» **YOUR INSTRUCTIONS**
Each line of the entries below that includes "using" belongs in your answer.

BEGIN DATASET RECORDS

(* In the setting of $I\ge 2$ matched pairs with fixed potential outcomes, observed outcomes $Y_{ij}=Y_{ij}(Z_{ij})$, and conditional on $\mathcal F,\mathcal Z$ the within-pair assignments $\widetilde Z_{i1}$ independent across pairs with $P(\widetilde Z_{i1}=1\mid\mathcal F,\mathcal Z)=p_{i1}\in(0,1)$ and $\widetilde Z_{i2}=1-\widetilde Z_{i1}$, consider the classic (generalized) Neyman estimator $$\widehat\lambda=\frac{\sum_{i=1}^{I}(\widetilde Z_{i1}-\widetilde Z_{i2})(Y_{i1}-Y_{i2})}{\sum_{i=1}^{I}(z_i^{**}-z_i^{*})}$$ and the variance estimator $$\overline{\overline V}=\frac{1}{\big(\sum_{i=1}^{I}(z_i^{**}-z_i^{*})\big)^2}\,\frac{I}{I-1}\sum_{i=1}^{I}\Big(\widetilde Z_{i1}\big((Y_{i1}-Y_{i2})-a\big)^2+\widetilde Z_{i2}\big((Y_{i2}-Y_{i1})-a\big)^2\Big),\qquad a=\widehat\lambda\,\frac{1}{I}\sum_{i=1}^{I}(z_i^{**}-z_i^{*}).$$ Then $\mathbb E[\overline{\overline V}\mid\mathcal F,\mathcal Z]\ge \mathrm{Var}[\widehat\lambda\mid\mathcal F,\mathcal Z]$.
   Context: $Z_{ij}$ is the observed treatment dose of individual $j$ in matched pair $i$; $z_i^{*}=Z_{i1}\wedge Z_{i2}<z_i^{**}=Z_{i1}\vee Z_{i2}$; $\widetilde Z_{ij}=\mathbf 1\{Z_{ij}=z_i^{**}\}$. $\mathcal Z$ is the set of the $2^I$ dose assignments obtained by permuting the two doses within each pair, and $\mathcal F=\{(Y_{ij}(z_i^* ),Y_{ij}(z_i^{**}),\mathbf{x}_{ij})\}$ collects the potential outcomes under the two paired doses and the covariates. Expectation and variance are over the randomization distribution of the within-pair assignments only. *)

theory Defs
  imports "HOL-Probability.Probability"
begin

text \<open>Pairs are indexed by i in {1..I}, units within a pair by j in {1,2}.
  zlo i = z_i^*, zhi i = z_i^**, Y i j z = potential outcome Y_ij(z).
  An assignment w :: nat => bool records w i = (Ztilde_i1 = 1), i.e. unit 1 of
  pair i receives the larger dose zhi i and unit 2 the smaller dose zlo i.\<close>

definition dose :: "(nat \<Rightarrow> real) \<Rightarrow> (nat \<Rightarrow> real) \<Rightarrow> (nat \<Rightarrow> bool) \<Rightarrow> nat \<Rightarrow> nat \<Rightarrow> real" where
  "dose zlo zhi w i j = (if (w i \<longleftrightarrow> j = 1) then zhi i else zlo i)"

definition Ztil :: "(nat \<Rightarrow> real) \<Rightarrow> (nat \<Rightarrow> real) \<Rightarrow> (nat \<Rightarrow> bool) \<Rightarrow> nat \<Rightarrow> nat \<Rightarrow> real" where
  "Ztil zlo zhi w i j = (if dose zlo zhi w i j = zhi i then 1 else 0)"

definition Yobs :: "(nat \<Rightarrow> nat \<Rightarrow> real \<Rightarrow> real) \<Rightarrow> (nat \<Rightarrow> real) \<Rightarrow> (nat \<Rightarrow> real) \<Rightarrow> (nat \<Rightarrow> bool) \<Rightarrow> nat \<Rightarrow> nat \<Rightarrow> real" where
  "Yobs Y zlo zhi w i j = Y i j (dose zlo zhi w i j)"

definition lambda_hat :: "nat \<Rightarrow> (nat \<Rightarrow> nat \<Rightarrow> real \<Rightarrow> real) \<Rightarrow> (nat \<Rightarrow> real) \<Rightarrow> (nat \<Rightarrow> real) \<Rightarrow> (nat \<Rightarrow> bool) \<Rightarrow> real" where
  "lambda_hat I Y zlo zhi w =
     (\<Sum>i=1..I. (Ztil zlo zhi w i 1 - Ztil zlo zhi w i 2) * (Yobs Y zlo zhi w i 1 - Yobs Y zlo zhi w i 2))
     / (\<Sum>i=1..I. zhi i - zlo i)"

definition Vbar :: "nat \<Rightarrow> (nat \<Rightarrow> nat \<Rightarrow> real \<Rightarrow> real) \<Rightarrow> (nat \<Rightarrow> real) \<Rightarrow> (nat \<Rightarrow> real) \<Rightarrow> (nat \<Rightarrow> bool) \<Rightarrow> real" where
  "Vbar I Y zlo zhi w =
     (let D = (\<Sum>i=1..I. zhi i - zlo i);
          a = lambda_hat I Y zlo zhi w * (1 / real I) * D
      in 1 / D^2 * (real I / (real I - 1)) *
         (\<Sum>i=1..I. Ztil zlo zhi w i 1 * ((Yobs Y zlo zhi w i 1 - Yobs Y zlo zhi w i 2) - a)^2
                   + Ztil zlo zhi w i 2 * ((Yobs Y zlo zhi w i 2 - Yobs Y zlo zhi w i 1) - a)^2))"

definition assign_pmf :: "nat \<Rightarrow> (nat \<Rightarrow> real) \<Rightarrow> (nat \<Rightarrow> bool) pmf" where
  "assign_pmf I p = Pi_pmf {1..I} False (\<lambda>i. bernoulli_pmf (p i))"

end

theory Submission
  imports Defs
begin

text \<open>Let \<open>T\<^sub>i\<close> be the outcome of the higher-dose unit of pair \<open>i\<close> minus that of the
  lower-dose unit. Then the Neyman estimator is \<open>(\<Sum>T\<^sub>i) / D\<close> and the variance estimator is
  \<open>I s\<^sup>2 / D\<^sup>2\<close>, where \<open>s\<^sup>2\<close> is the sample variance of the \<open>T\<^sub>i\<close>. Each \<open>T\<^sub>i\<close> depends only on
  the assignment within pair \<open>i\<close>, so the \<open>T\<^sub>i\<close> are independent and \<open>Var (\<Sum>T\<^sub>i) = \<Sum>\<sigma>\<^sub>i\<^sup>2\<close>,
  whereas \<open>E (I s\<^sup>2) = \<Sum>\<sigma>\<^sub>i\<^sup>2 + (I \<Sum>\<mu>\<^sub>i\<^sup>2 - (\<Sum>\<mu>\<^sub>i)\<^sup>2) / (I - 1)\<close> with \<open>\<mu>\<^sub>i = E T\<^sub>i\<close>.
  The excess term is nonnegative by Cauchy-Schwarz and vanishes exactly when the pair
  effects \<open>\<mu>\<^sub>i\<close> are homogeneous.\<close>

lemma sum_squared_deviations:
  fixes x :: "'a \<Rightarrow> real"
  assumes "finite A" "A \<noteq> {}"
  shows "(\<Sum>i\<in>A. (x i - sum x A / card A)\<^sup>2) = (\<Sum>i\<in>A. (x i)\<^sup>2) - (sum x A)\<^sup>2 / card A"
proof -
  define s where "s = sum x A"
  define c where "c = real (card A)"
  have "(\<Sum>i\<in>A. (x i - s / c)\<^sup>2) = (\<Sum>i\<in>A. (x i)\<^sup>2 - 2 * (s / c) * x i + (s / c)\<^sup>2)"
    by (intro sum.cong refl) (simp add: power2_diff algebra_simps)
  also have "\<dots> = (\<Sum>i\<in>A. (x i)\<^sup>2) - 2 * (s / c) * s + c * (s / c)\<^sup>2"
    by (simp add: sum.distrib sum_subtractf sum_distrib_left[symmetric] sum_divide_distrib[symmetric] s_def c_def)
  also have "\<dots> = (\<Sum>i\<in>A. (x i)\<^sup>2) - s\<^sup>2 / c"
    using assms by (simp add: c_def power2_eq_square field_simps)
  finally show ?thesis
    by (simp add: s_def c_def)
qed

definition sample_variance :: "'a set \<Rightarrow> ('a \<Rightarrow> real) \<Rightarrow> real" where
  "sample_variance A x = (\<Sum>i\<in>A. (x i - sum x A / card A)\<^sup>2) / (real (card A) - 1)"

context
  fixes A :: "'a set" and d :: 'b and M :: "'a \<Rightarrow> 'b pmf"
  assumes finite_A: "finite A"
    and finite_support: "\<And>i. i \<in> A \<Longrightarrow> finite (set_pmf (M i))"
begin

lemma finite_set_Pi_pmf: "finite (set_pmf (Pi_pmf A d M))"
  using finite_A finite_support by (auto simp: set_Pi_pmf)

lemma integrable_Pi_pmf [simp]: "integrable (measure_pmf (Pi_pmf A d M)) (g :: _ \<Rightarrow> real)"
  by (rule integrable_measure_pmf_finite[OF finite_set_Pi_pmf])

lemma expectation_Pi_pmf_component:
  fixes g :: "'b \<Rightarrow> real"
  assumes "i \<in> A"
  shows "measure_pmf.expectation (Pi_pmf A d M) (\<lambda>w. g (w i)) = measure_pmf.expectation (M i) g"
proof -
  have "measure_pmf.expectation (Pi_pmf A d M) (\<lambda>w. g (w i))
      = measure_pmf.expectation (map_pmf (\<lambda>w. w i) (Pi_pmf A d M)) g"
    by (simp only: integral_map_pmf)
  also have "map_pmf (\<lambda>w. w i) (Pi_pmf A d M) = M i"
    using assms by (subst Pi_pmf_component[OF finite_A]) simp
  finally show ?thesis .
qed

lemma expectation_Pi_pmf_mult:
  fixes g h :: "'b \<Rightarrow> real"
  assumes "i \<in> A" "j \<in> A" "i \<noteq> j"
  shows "measure_pmf.expectation (Pi_pmf A d M) (\<lambda>w. g (w i) * h (w j))
       = measure_pmf.expectation (M i) g * measure_pmf.expectation (M j) h"
proof -
  define X where "X = (\<lambda>k (w :: 'a \<Rightarrow> 'b). if k = i then g (w k) else h (w k))"
  have "prob_space.indep_vars (Pi_pmf A d M) (\<lambda>_. borel) X A"
    unfolding X_def
    by (rule prob_space.indep_vars_compose2[OF measure_pmf.prob_space_axioms indep_vars_Pi_pmf[OF finite_A]]) simp
  then have "prob_space.indep_vars (Pi_pmf A d M) (\<lambda>_. borel) X {i, j}"
    by (rule prob_space.indep_vars_subset[OF measure_pmf.prob_space_axioms]) (use assms in auto)
  then have "measure_pmf.expectation (Pi_pmf A d M) (\<lambda>w. \<Prod>k\<in>{i, j}. X k w)
      = (\<Prod>k\<in>{i, j}. measure_pmf.expectation (Pi_pmf A d M) (X k))"
    by (intro prob_space.indep_vars_lebesgue_integral[OF measure_pmf.prob_space_axioms]) auto
  then show ?thesis
    using assms by (simp add: X_def expectation_Pi_pmf_component)
qed

lemma expectation_Pi_pmf_mult_components:
  fixes f :: "'a \<Rightarrow> 'b \<Rightarrow> real"
  assumes "i \<in> A" "j \<in> A"
  shows "measure_pmf.expectation (Pi_pmf A d M) (\<lambda>w. f i (w i) * f j (w j))
       = measure_pmf.expectation (M i) (f i) * measure_pmf.expectation (M j) (f j)
         + (if i = j then measure_pmf.variance (M i) (f i) else 0)"
proof (cases "i = j")
  case True
  have "measure_pmf.expectation (Pi_pmf A d M) (\<lambda>w. f i (w i) * f i (w i))
      = measure_pmf.expectation (M i) (\<lambda>v. (f i v)\<^sup>2)"
    using expectation_Pi_pmf_component[OF assms(1), of "\<lambda>v. (f i v)\<^sup>2"]
    by (simp add: power2_eq_square)
  also have "\<dots> = (measure_pmf.expectation (M i) (f i))\<^sup>2 + measure_pmf.variance (M i) (f i)"
    using assms finite_support
    by (simp add: measure_pmf.variance_eq integrable_measure_pmf_finite)
  finally show ?thesis
    using True by (simp add: power2_eq_square)
qed (use assms in \<open>simp add: expectation_Pi_pmf_mult\<close>)

lemma expectation_Pi_pmf_square_sum:
  fixes f :: "'a \<Rightarrow> 'b \<Rightarrow> real"
  shows "measure_pmf.expectation (Pi_pmf A d M) (\<lambda>w. (\<Sum>i\<in>A. f i (w i))\<^sup>2)
       = (\<Sum>i\<in>A. measure_pmf.expectation (M i) (f i))\<^sup>2
         + (\<Sum>i\<in>A. measure_pmf.variance (M i) (f i))"
proof -
  have "measure_pmf.expectation (Pi_pmf A d M) (\<lambda>w. (\<Sum>i\<in>A. f i (w i))\<^sup>2)
      = (\<Sum>i\<in>A. \<Sum>j\<in>A. measure_pmf.expectation (Pi_pmf A d M) (\<lambda>w. f i (w i) * f j (w j)))"
    by (simp add: power2_eq_square sum_product)
  also have "\<dots> = (\<Sum>i\<in>A. \<Sum>j\<in>A. measure_pmf.expectation (M i) (f i) * measure_pmf.expectation (M j) (f j)
                   + (if i = j then measure_pmf.variance (M i) (f i) else 0))"
    by (intro sum.cong refl) (simp add: expectation_Pi_pmf_mult_components)
  also have "\<dots> = (\<Sum>i\<in>A. measure_pmf.expectation (M i) (f i))\<^sup>2
                   + (\<Sum>i\<in>A. measure_pmf.variance (M i) (f i))"
    using finite_A by (simp add: sum.distrib power2_eq_square sum_product)
  finally show ?thesis .
qed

END DATASET RECORDS

» **EXPECTED OUTPUT**
    using assms by (simp add: c_def power2_eq_square field_simps)
  using finite_A finite_support by (auto simp: set_Pi_pmf)
    using assms by (subst Pi_pmf_component[OF finite_A]) simp
    using assms by (simp add: X_def expectation_Pi_pmf_component)
    using expectation_Pi_pmf_component[OF assms(1), of "\<lambda>v. (f i v)\<^sup>2"]
    using assms finite_support
    using True by (simp add: power2_eq_square)
    using finite_A by (simp add: sum.distrib power2_eq_square sum_product)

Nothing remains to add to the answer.